Task to carry out - Among the entries below, find the lines that hold the word "close" and report them.

Collected data
▬▬▬▬▬▬▬▬▬▬

text \<open>Inequivalent vertices of a clique \<open>X\<close> are separated by a maximal clique, and a vertex of
  that clique non-adjacent to the other one lies outside \<open>X\<close>.\<close>
lemma inj_on_outer_nbrs:
  assumes G: "fin_simple_graph G" and X: "inequiv_clique G X"
  shows "inj_on (outer_nbrs G X) X"
proof -
  have sep: "\<exists>w. w \<in> outer_nbrs G X a \<and> w \<notin> outer_nbrs G X b"
    if ab: "a \<in> X" "b \<in> X" and K: "max_clique G K" "a \<in> K" "b \<notin> K" for a b K
  proof -
    have "a \<noteq> b"
      using K by blast
    then have "adj G a b" "b \<in> verts G"
      using X ab by (auto simp: inequiv_clique_def Defs.clique_def)
    then obtain w where w: "w \<in> K" "w \<noteq> b" "\<not> adj G w b"
      using nonadj_of_not_in_max_clique[OF G K(1) _ K(3)] by blast
    have "w \<notin> X"
      using X ab(2) w(2,3) by (auto simp: inequiv_clique_def Defs.clique_def)
    moreover have "adj G a w"
      using max_clique_adj[OF K(1,2) w(1)] w(3) \<open>adj G a b\<close> by blast
    moreover have "w \<in> verts G"
      using max_clique_subset_verts[OF K(1)] w(1) by blast
    ultimately show ?thesis
      using w(3) adj_commute[OF G, of b w] by (auto simp: outer_nbrs_def)
  qed
  show ?thesis
  proof (rule inj_onI, rule ccontr)
    fix a b assume ab: "a \<in> X" "b \<in> X" "outer_nbrs G X a = outer_nbrs G X b" "a \<noteq> b"
    then have "\<not> cequiv G a b"
      using X by (simp add: inequiv_clique_def)
    then obtain K where "max_clique G K" "a \<in> K \<and> b \<notin> K \<or> b \<in> K \<and> a \<notin> K"
      unfolding cequiv_iff by blast
    then show False
      using sep[of a b K] sep[of b a K] ab by blast
  qed
qed

text \<open>\<open>x k\<close> is the vertex of \<open>X\<close> whose outer neighbourhood is the \<open>k\<close>-th set of the splitting
  sequence.\<close>
lemma inequiv_clique_splitting:
  assumes G: "fin_simple_graph G" and X: "inequiv_clique G X" and card: "2 ^ L \<le> card X"
  obtains x w d where
    "\<forall>k<L. x k \<in> X \<and> w k \<in> verts G - X \<and> (adj G (x k) (w k) \<longleftrightarrow> \<not> d k)"
    "\<forall>i k. i < k \<longrightarrow> k < L \<longrightarrow> (adj G (x k) (w i) \<longleftrightarrow> d i)"
proof -
  let ?T = "outer_nbrs G X"
  have "finite X"
    using X finite_verts[OF G] finite_subset by (auto simp: inequiv_clique_def Defs.clique_def)
  moreover have "card (?T ` X) = card X"
    using card_image[OF inj_on_outer_nbrs[OF G X]] .
  ultimately obtain w d A where
    A: "\<forall>k<L. A k \<in> ?T ` X \<and> w k \<in> \<Union>(?T ` X) \<and> (w k \<in> A k \<longleftrightarrow> \<not> d k)" and
    d: "\<forall>i k. i < k \<longrightarrow> k < L \<longrightarrow> (w i \<in> A k \<longleftrightarrow> d i)"
    using splitting_sequence[of "?T ` X" L] card by auto
  define x where "x k = inv_into X ?T (A k)" for k
  have x: "x k \<in> X" "?T (x k) = A k" if "k < L" for k
    using A that by (auto simp: x_def inv_into_into f_inv_into_f)
  have w: "w k \<in> verts G - X" if "k < L" for k
    using A that by (auto simp: outer_nbrs_def)
  have adj_xw: "adj G (x k) (w j) \<longleftrightarrow> w j \<in> A k" if "k < L" "j < L" for k j
    using x[OF that(1)] w[OF that(2)] by (auto simp: outer_nbrs_def)
  show thesis
  proof (rule that[of x w d])
    show "\<forall>k<L. x k \<in> X \<and> w k \<in> verts G - X \<and> (adj G (x k) (w k) \<longleftrightarrow> \<not> d k)"
      using x w adj_xw A by blast
    show "\<forall>i k. i < k \<longrightarrow> k < L \<longrightarrow> (adj G (x k) (w i) \<longleftrightarrow> d i)"
      using adj_xw d by auto
  qed
qed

▬▬▬▬▬▬▬▬▬▬

Answer area -
text \<open>Inequivalent vertices of a clique \<open>X\<close> are separated by a maximal clique, and a vertex of
  that clique non-adjacent to the other one lies outside \<open>X\<close>.\<close>
      using max_clique_adj[OF K(1,2) w(1)] w(3) \<open>adj G a b\<close> by blast
text \<open>\<open>x k\<close> is the vertex of \<open>X\<close> whose outer neighbourhood is the \<open>k\<close>-th set of the splitting
  sequence.\<close>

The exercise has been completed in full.